- RECORDS FOR THIS EXERCISE -
————

text \<open>The matrices of the augmented Euclidean Descartes theorem W^T Q_D W = Q_W of Graham,
  Lagarias, Mallows, Wilks and Yan; descartes_gram is its dual form W Q_W^-1 W^T = Q_D.\<close>

definition Q_D :: "real^4^4" where
  "Q_D = (\<chi> i j. if i = j then 1/2 else -1/2)"

definition Q_W :: "real^4^4" where
  "Q_W = (\<chi> i j. if (i = 1 \<and> j = 2) \<or> (i = 2 \<and> j = 1) then -4
                 else if i = j \<and> (i = 3 \<or> i = 4) then 2 else 0)"

definition Q_W_inv :: "real^4^4" where
  "Q_W_inv = (\<chi> i j. if (i = 1 \<and> j = 2) \<or> (i = 2 \<and> j = 1) then -1/4
                     else if i = j \<and> (i = 3 \<or> i = 4) then 1/2 else 0)"

lemma Q_W_Q_W_inv: "Q_W ** Q_W_inv = mat 1"
  by (simp add: vec_eq_iff forall_4 matrix_matrix_mult_def sum_4 Q_W_def Q_W_inv_def mat_def)

lemma Q_D_involution: "Q_D ** Q_D = mat 1"
  by (simp add: vec_eq_iff forall_4 matrix_matrix_mult_def sum_4 Q_D_def mat_def)

lemma descartes_gram_iff_matrix: "descartes_gram W \<longleftrightarrow> W ** Q_W_inv ** transpose W = Q_D"
proof -
  have "inversive_prod (W$i) (W$j) = 2 * (W ** Q_W_inv ** transpose W) $ i $ j" for i j
    by (simp add: matrix_matrix_mult_def transpose_def sum_4 Q_W_inv_def inversive_prod_def
        field_simps)
  moreover have "(if i = j then 1 else -1) = 2 * Q_D $ i $ j" for i j
    by (simp add: Q_D_def)
  ultimately show ?thesis
    unfolding descartes_gram_def by (simp add: vec_eq_iff)
qed

lemma augmented_descartes_theorem:
  assumes "descartes_gram W"
  shows "transpose W ** Q_D ** W = Q_W"
proof -
  have "W ** (Q_W_inv ** transpose W ** Q_D) = mat 1"
    using assms Q_D_involution by (simp add: descartes_gram_iff_matrix matrix_mul_assoc)
  then have "(Q_W_inv ** transpose W ** Q_D) ** W = mat 1"
    using matrix_left_right_inverse by blast
  then have "Q_W ** ((Q_W_inv ** transpose W ** Q_D) ** W) = Q_W"
    by (simp add: matrix_mul_rid)
  then show ?thesis
    using Q_W_Q_W_inv by (simp add: matrix_mul_assoc matrix_mul_lid)
qed

definition curv_sum :: "real^4^4 \<Rightarrow> real" where
  "curv_sum W = (\<Sum>i\<in>UNIV. W$i$2)"

lemma descartes_curvature_relation:
  assumes "descartes_gram W"
  shows "2 * (\<Sum>i\<in>UNIV. (W$i$2)^2) = (curv_sum W)^2"
proof -
  have "(transpose W ** Q_D ** W) $ 2 $ 2 = 0"
    using augmented_descartes_theorem[OF assms] by (simp add: Q_W_def)
  then show ?thesis
    by (simp add: matrix_matrix_mult_def transpose_def sum_4 Q_D_def curv_sum_def
        power2_eq_square field_simps)
qed
lemma feynman_amplitude_power:
  fixes t1 N :: real and tB :: "(nat + nat) set \<Rightarrow> real"
  assumes D3: "D \<ge> 3" and N: "N > 0"
  shows "feynman_amplitude D p \<sigma> t1 tB N
          = (\<Prod>B\<in>bubbles D p \<sigma>. tB B) / t1 ^ p
            * N powr ((real D - 1) * real (card (bubbles D p \<sigma>))
           - 2 / fact (D - 2) * (\<Sum>B\<in>bubbles D p \<sigma>. cg_degree \<sigma> {1..D} B)
           - (real D - 1) * real p
           + real (\<Sum>i=1..D. num_faces \<sigma> (cg_verts p) 0 i))"
proof -
  let ?P = "bubbles D p \<sigma>"
  let ?e = "\<lambda>B. real D - 1 - 2 / fact (D - 2) * cg_degree \<sigma> {1..D} B"
  let ?F = "\<Sum>i=1..D. num_faces \<sigma> (cg_verts p) 0 i"
  have bubbles: "(\<Prod>B\<in>?P. tB B * N powr ?e B) = (\<Prod>B\<in>?P. tB B) * N powr (\<Sum>B\<in>?P. ?e B)"
    using N by (simp add: prod.distrib powr_sum)
  have exps: "(\<Sum>B\<in>?P. ?e B) = (real D - 1) * real (card ?P)
      - 2 / fact (D - 2) * (\<Sum>B\<in>?P. cg_degree \<sigma> {1..D} B)"
    by (simp add: sum_subtractf sum_distrib_left)
  have "N ^ ((D - 1) * p) = N powr ((real D - 1) * real p)"
    using powr_realpow[OF N, of "(D - 1) * p"] D3 by (simp add: of_nat_diff)
  then have propagators: "(1 / (t1 * N ^ (D - 1))) ^ p = 1 / t1 ^ p * N powr (- ((real D - 1) * real p))"
    by (simp add: power_mult_distrib power_mult power_one_over powr_minus_divide)
  have faces: "N ^ ?F = N powr real ?F" using powr_realpow[OF N, of ?F] by simp
  have "feynman_amplitude D p \<sigma> t1 tB N
      = (\<Prod>B\<in>?P. tB B) / t1 ^ p
        * (N powr (- ((real D - 1) * real p)) * N powr (\<Sum>B\<in>?P. ?e B) * N powr real ?F)"
    unfolding feynman_amplitude_def propagators bubbles faces by simp
  also have "\<dots> = (\<Prod>B\<in>?P. tB B) / t1 ^ p
        * N powr (- ((real D - 1) * real p) + (\<Sum>B\<in>?P. ?e B) + real ?F)"
    by (simp only: powr_add)
  finally show ?thesis unfolding exps by (simp add: algebra_simps)
qed

theorem mainTheorem3:
  fixes D p :: nat and \<sigma> :: "nat \<Rightarrow> nat \<Rightarrow> nat"
  assumes "D \<ge> 3"
    and "closed_colored_graph {0..D} p \<sigma>"
    and "cg_connected {0..D} p \<sigma>"
  shows "(real D - 1) * real (card (bubbles D p \<sigma>))
           - 2 / fact (D - 2) * (\<Sum>B\<in>bubbles D p \<sigma>. cg_degree \<sigma> {1..D} B)
           - (real D - 1) * real p
           + real (\<Sum>i=1..D. num_faces \<sigma> (cg_verts p) 0 i)
         = real D - 2 / fact (D - 1) * cg_degree \<sigma> {0..D} (cg_verts p)
     \<and> (\<forall>(t1::real) (tB::(nat + nat) set \<Rightarrow> real) (N::real). t1 \<noteq> 0 \<longrightarrow> N > 0 \<longrightarrow>
          feynman_amplitude D p \<sigma> t1 tB N
          = (\<Prod>B\<in>bubbles D p \<sigma>. tB B) / t1 ^ p
            * N powr (real D - 2 / fact (D - 1) * cg_degree \<sigma> {0..D} (cg_verts p)))"
  using exponent_identity[OF assms(1), of p \<sigma>] feynman_amplitude_power[OF assms(1)] by metis

end
section \<open>Level-wise limits\<close>

text \<open>\<open>R i\<close> is the relation defining the limit at level \<open>i\<close> and \<open>RG\<close> the corresponding relation
  in \<open>\<Gamma>C\<close>; \<open>R_transition\<close> is what makes the comparison maps between the level-wise limits exist.\<close>

locale levelwise_limit = diagram I C Fo Fm
  for I :: "('i,'u) cat" and C :: "'i \<Rightarrow> ('o,'m) cat"
    and Fo :: "'u \<Rightarrow> 'o \<Rightarrow> 'o" and Fm :: "'u \<Rightarrow> 'm \<Rightarrow> 'm" +
  fixes R :: "'i \<Rightarrow> 'm \<Rightarrow> 'm \<Rightarrow> bool"
    and RG :: "('i,'u,'o,'m) gmor \<Rightarrow> ('i,'u,'o,'m) gmor \<Rightarrow> bool"
    and A B :: "('i,'u,'o,'m) gobj"
  assumes A: "A \<in> Obj G" and B: "B \<in> Obj G"
    and RG_iff: "\<And>Z f g. (Z, A, f) \<in> Arr G \<Longrightarrow> (Z, B, g) \<in> Arr G \<Longrightarrow>
      RG (Z, A, f) (Z, B, g) \<longleftrightarrow> (\<forall>i\<in>Obj I. R i (f i) (g i))"
    and R_precomp: "\<And>i Y Z h f g. i \<in> Obj I \<Longrightarrow> h \<in> hom (C i) Y Z \<Longrightarrow>
      f \<in> hom (C i) Z (fst A i) \<Longrightarrow> g \<in> hom (C i) Z (fst B i) \<Longrightarrow> R i f g \<Longrightarrow>
      R i (Comp (C i) f h) (Comp (C i) g h)"
    and R_transition: "\<And>u Z f g. u \<in> Arr I \<Longrightarrow>
      f \<in> hom (C (Dom I u)) Z (fst A (Dom I u)) \<Longrightarrow> g \<in> hom (C (Dom I u)) Z (fst B (Dom I u)) \<Longrightarrow>
      R (Dom I u) f g \<Longrightarrow>
      R (Cod I u) (Comp (C (Cod I u)) (snd A u) (Fm u f)) (Comp (C (Cod I u)) (snd B u) (Fm u g))"
    and level_limit_exists: "\<And>i. i \<in> Obj I \<Longrightarrow>
      \<exists>X p1 p2. limit_span (C i) (R i) (fst A i) (fst B i) X p1 p2"
begin

lemma level_limit_monic:
  assumes i: "i \<in> Obj I" and L: "limit_span (C i) (R i) (fst A i) (fst B i) X p1 p2"
    and h: "h \<in> hom (C i) Y X" and h': "h' \<in> hom (C i) Y X"
    and "Comp (C i) p1 h = Comp (C i) p1 h'" "Comp (C i) p2 h = Comp (C i) p2 h'"
  shows "h = h'"
proof -
  have p1: "p1 \<in> hom (C i) X (fst A i)" and p2: "p2 \<in> hom (C i) X (fst B i)"
    and U: "universal_span (C i) (R i) X p1 p2" and R: "R i p1 p2"
    using L by (simp_all add: limit_span_def)
  show ?thesis
    using category.universal_span_unique[OF level[OF i] U p1 p2 h h' assms(5,6)]
      R_precomp[OF i h p1 p2 R] by simp
qed

lemma Gamma_arr_into_limit:
  assumes f1: "(X, A, f1) \<in> Arr G" and f2: "(X, B, f2) \<in> Arr G"
    and L: "\<And>i. i \<in> Obj I \<Longrightarrow> limit_span (C i) (R i) (fst A i) (fst B i) (fst X i) (f1 i) (f2 i)"
    and f: "(Z, A, f) \<in> Arr G" and g: "(Z, B, g) \<in> Arr G"
    and m: "\<And>i. i \<in> Obj I \<Longrightarrow> m i \<in> hom (C i) (fst Z i) (fst X i) \<and>
      Comp (C i) (f1 i) (m i) = f i \<and> Comp (C i) (f2 i) (m i) = g i"
  shows "(Z, X, lw (Obj I) m) \<in> Arr G"
proof (rule Gamma_arrI[OF Gamma_arr_dom[OF f] Gamma_arr_dom[OF f1]])
  fix i assume "i \<in> Obj I"
  thus "lw (Obj I) m i \<in> hom (C i) (fst Z i) (fst X i)" using m by simp
next
  fix w assume w: "w \<in> Arr I"
  let ?i = "Dom I w" and ?j = "Cod I w"
  have i: "?i \<in> Obj I" and j: "?j \<in> Obj I" using w dom_index cod_index by auto
  have Z: "Z \<in> Obj G" and X: "X \<in> Obj G" using Gamma_arr_dom[OF f] Gamma_arr_dom[OF f1] .
  interpret Cj: category "C ?j" using level j .
  have "Comp (C ?j) (m ?j) (snd Z w) = Comp (C ?j) (snd X w) (Fm w (m ?i))"
  proof (rule level_limit_monic[OF j L[OF j]])
    show "Comp (C ?j) (m ?j) (snd Z w) \<in> hom (C ?j) (Fo w (fst Z ?i)) (fst X ?j)"
      using Cj.comp_hom[OF Gamma_obj_comparison[OF Z w]] m[OF j] by blast
    show "Comp (C ?j) (snd X w) (Fm w (m ?i)) \<in> hom (C ?j) (Fo w (fst Z ?i)) (fst X ?j)"
      using Cj.comp_hom[OF transition_hom[OF w] Gamma_obj_comparison[OF X w]] m[OF i] by blast
    show "Comp (C ?j) (f1 ?j) (Comp (C ?j) (m ?j) (snd Z w)) =
        Comp (C ?j) (f1 ?j) (Comp (C ?j) (snd X w) (Fm w (m ?i)))"
      using Gamma_lift_square[OF Z X w f1 f, of m] m by blast
    show "Comp (C ?j) (f2 ?j) (Comp (C ?j) (m ?j) (snd Z w)) =
        Comp (C ?j) (f2 ?j) (Comp (C ?j) (snd X w) (Fm w (m ?i)))"
      using Gamma_lift_square[OF Z X w f2 g, of m] m by blast
  qed
  thus "Comp (C ?j) (lw (Obj I) m ?j) (snd Z w) = Comp (C ?j) (snd X w) (Fm w (lw (Obj I) m ?i))"
    using i j by simp
qed simp
lemma set_integral_moment_hypF_pair:
  fixes z A t :: real and k :: nat
  assumes "\<forall>a\<in>set as\<^sub>1. a > 0" and "\<forall>b\<in>set bs\<^sub>1. b > 0"
    and "summable (\<lambda>m. hyp_coeff as\<^sub>1 bs\<^sub>1 m * z ^ m)"
    and "\<forall>a\<in>set as\<^sub>2. a > 0" and "\<forall>b\<in>set bs\<^sub>2. b > 0"
    and "summable (\<lambda>m. hyp_coeff as\<^sub>2 bs\<^sub>2 m * z ^ m)"
    and "z \<ge> 0" and "A > 0"
  shows "(LINT x:{-1<..<1}|lborel.
      x ^ k * ((1 - x\<^sup>2) powr (A - 1) * (hypF as\<^sub>1 bs\<^sub>1 (z * x\<^sup>2) + t * x * hypF as\<^sub>2 bs\<^sub>2 (z * x\<^sup>2))))
    = (LINT x:{-1<..<1}|lborel. x ^ k * (1 - x\<^sup>2) powr (A - 1) * hypF as\<^sub>1 bs\<^sub>1 (z * x\<^sup>2))
      + t * (LINT x:{-1<..<1}|lborel. x ^ Suc k * (1 - x\<^sup>2) powr (A - 1) * hypF as\<^sub>2 bs\<^sub>2 (z * x\<^sup>2))"
proof -
  have "(LINT x:{-1<..<1}|lborel.
      x ^ k * ((1 - x\<^sup>2) powr (A - 1) * (hypF as\<^sub>1 bs\<^sub>1 (z * x\<^sup>2) + t * x * hypF as\<^sub>2 bs\<^sub>2 (z * x\<^sup>2))))
    = (LINT x:{-1<..<1}|lborel. x ^ k * (1 - x\<^sup>2) powr (A - 1) * hypF as\<^sub>1 bs\<^sub>1 (z * x\<^sup>2)
      + t * (x ^ Suc k * (1 - x\<^sup>2) powr (A - 1) * hypF as\<^sub>2 bs\<^sub>2 (z * x\<^sup>2)))"
    by (simp add: algebra_simps)
  also have "\<dots> = (LINT x:{-1<..<1}|lborel. x ^ k * (1 - x\<^sup>2) powr (A - 1) * hypF as\<^sub>1 bs\<^sub>1 (z * x\<^sup>2))
      + t * (LINT x:{-1<..<1}|lborel. x ^ Suc k * (1 - x\<^sup>2) powr (A - 1) * hypF as\<^sub>2 bs\<^sub>2 (z * x\<^sup>2))"
    using set_integrable_moment_hypF[OF assms(1,2,7,3,8), of k]
      set_integrable_moment_hypF[OF assms(4,5,7,6,8), of "Suc k"]
    by (simp add: set_integral_add)
  finally show ?thesis .
qed

lemma hlik_times_prior_alpha:
  "hlik \<gamma> \<delta> n r \<rho> * prior_alpha \<alpha> \<rho>
    = (1 - \<rho>\<^sup>2) powr (\<alpha> + (real n - \<gamma> - \<delta> - 1) / 2 - 1) * bracket \<gamma> \<delta> n r \<rho> / Beta (1/2) \<alpha>"
proof -
  have exponent: "(1 - \<rho>\<^sup>2) powr ((real n - \<gamma> - \<delta> - 1) / 2) * (1 - \<rho>\<^sup>2) powr (\<alpha> - 1)
      = (1 - \<rho>\<^sup>2) powr (\<alpha> + (real n - \<gamma> - \<delta> - 1) / 2 - 1)"
    unfolding powr_add[symmetric] by (rule arg_cong[where f = "\<lambda>e. (1 - \<rho>\<^sup>2) powr e"]) simp
  have "hlik \<gamma> \<delta> n r \<rho> * prior_alpha \<alpha> \<rho>
      = (1 - \<rho>\<^sup>2) powr ((real n - \<gamma> - \<delta> - 1) / 2) * (1 - \<rho>\<^sup>2) powr (\<alpha> - 1)
        * bracket \<gamma> \<delta> n r \<rho> / Beta (1/2) \<alpha>"
    by (simp add: hlik_def prior_alpha_def)
  then show ?thesis
    unfolding exponent .
qed

lemma posterior_closed_form:
  "posterior \<alpha> \<gamma> \<delta> n r \<rho> =
     (1 - \<rho>\<^sup>2) powr ((2 * \<alpha> + real n - \<gamma> - \<delta> - 3) / 2) /
     (pnorm \<alpha> \<gamma> \<delta> n r * Beta (1/2) \<alpha>) *
     (hypF [(real n - \<gamma> - 1) / 2, (real n - \<delta> - 1) / 2] [1/2] (r\<^sup>2 * \<rho>\<^sup>2)
      + 2 * r * \<rho> * Wgd \<gamma> \<delta> n *
        hypF [(real n - \<gamma>) / 2, (real n - \<delta>) / 2] [3/2] (r\<^sup>2 * \<rho>\<^sup>2))"
proof -
  have exponent: "\<alpha> + (real n - \<gamma> - \<delta> - 1) / 2 - 1 = (2 * \<alpha> + real n - \<gamma> - \<delta> - 3) / 2"
    by (simp add: field_simps)
  show ?thesis
    unfolding posterior_def hlik_times_prior_alpha bracket_def exponent by (simp add: mult.commute)
qed

lemma post_moment_eq:
  "post_moment \<alpha> \<gamma> \<delta> n r k
    = (LINT \<rho>:{-1<..<1}|lborel. \<rho> ^ k * (hlik \<gamma> \<delta> n r \<rho> * prior_alpha \<alpha> \<rho>)) / pnorm \<alpha> \<gamma> \<delta> n r"
proof -
  have "(\<lambda>\<rho>. \<rho> ^ k * posterior \<alpha> \<gamma> \<delta> n r \<rho>)
      = (\<lambda>\<rho>. inverse (pnorm \<alpha> \<gamma> \<delta> n r) * (\<rho> ^ k * (hlik \<gamma> \<delta> n r \<rho> * prior_alpha \<alpha> \<rho>)))"
    by (simp add: fun_eq_iff posterior_def divide_inverse mult_ac)
  then show ?thesis
    by (simp add: post_moment_def divide_inverse mult.commute)
qed

context
  fixes n :: nat and r \<alpha> \<gamma> \<delta> :: real
  assumes r: "\<bar>r\<bar> < 1" and \<alpha>: "\<alpha> > 0"
    and \<gamma>: "real n > \<gamma> + 1" and \<delta>: "real n > \<delta> + 1" and \<gamma>\<delta>: "real n > \<gamma> + \<delta> - 2 * \<alpha> + 1"
begin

————

- WORK INSTRUCTIONS -
From the records above, print exactly the lines that run from the line with "g) \<in> Arr G \<Longrightarrow>" to the line with "X i) \<and>", inclusive.

- EXPECTED ANSWER -
    and RG_iff: "\<And>Z f g. (Z, A, f) \<in> Arr G \<Longrightarrow> (Z, B, g) \<in> Arr G \<Longrightarrow>
      RG (Z, A, f) (Z, B, g) \<longleftrightarrow> (\<forall>i\<in>Obj I. R i (f i) (g i))"
    and R_precomp: "\<And>i Y Z h f g. i \<in> Obj I \<Longrightarrow> h \<in> hom (C i) Y Z \<Longrightarrow>
      f \<in> hom (C i) Z (fst A i) \<Longrightarrow> g \<in> hom (C i) Z (fst B i) \<Longrightarrow> R i f g \<Longrightarrow>
      R i (Comp (C i) f h) (Comp (C i) g h)"
    and R_transition: "\<And>u Z f g. u \<in> Arr I \<Longrightarrow>
      f \<in> hom (C (Dom I u)) Z (fst A (Dom I u)) \<Longrightarrow> g \<in> hom (C (Dom I u)) Z (fst B (Dom I u)) \<Longrightarrow>
      R (Dom I u) f g \<Longrightarrow>
      R (Cod I u) (Comp (C (Cod I u)) (snd A u) (Fm u f)) (Comp (C (Cod I u)) (snd B u) (Fm u g))"
    and level_limit_exists: "\<And>i. i \<in> Obj I \<Longrightarrow>
      \<exists>X p1 p2. limit_span (C i) (R i) (fst A i) (fst B i) X p1 p2"
begin

lemma level_limit_monic:
  assumes i: "i \<in> Obj I" and L: "limit_span (C i) (R i) (fst A i) (fst B i) X p1 p2"
    and h: "h \<in> hom (C i) Y X" and h': "h' \<in> hom (C i) Y X"
    and "Comp (C i) p1 h = Comp (C i) p1 h'" "Comp (C i) p2 h = Comp (C i) p2 h'"
  shows "h = h'"
proof -
  have p1: "p1 \<in> hom (C i) X (fst A i)" and p2: "p2 \<in> hom (C i) X (fst B i)"
    and U: "universal_span (C i) (R i) X p1 p2" and R: "R i p1 p2"
    using L by (simp_all add: limit_span_def)
  show ?thesis
    using category.universal_span_unique[OF level[OF i] U p1 p2 h h' assms(5,6)]
      R_precomp[OF i h p1 p2 R] by simp
qed

lemma Gamma_arr_into_limit:
  assumes f1: "(X, A, f1) \<in> Arr G" and f2: "(X, B, f2) \<in> Arr G"
    and L: "\<And>i. i \<in> Obj I \<Longrightarrow> limit_span (C i) (R i) (fst A i) (fst B i) (fst X i) (f1 i) (f2 i)"
    and f: "(Z, A, f) \<in> Arr G" and g: "(Z, B, g) \<in> Arr G"
    and m: "\<And>i. i \<in> Obj I \<Longrightarrow> m i \<in> hom (C i) (fst Z i) (fst X i) \<and>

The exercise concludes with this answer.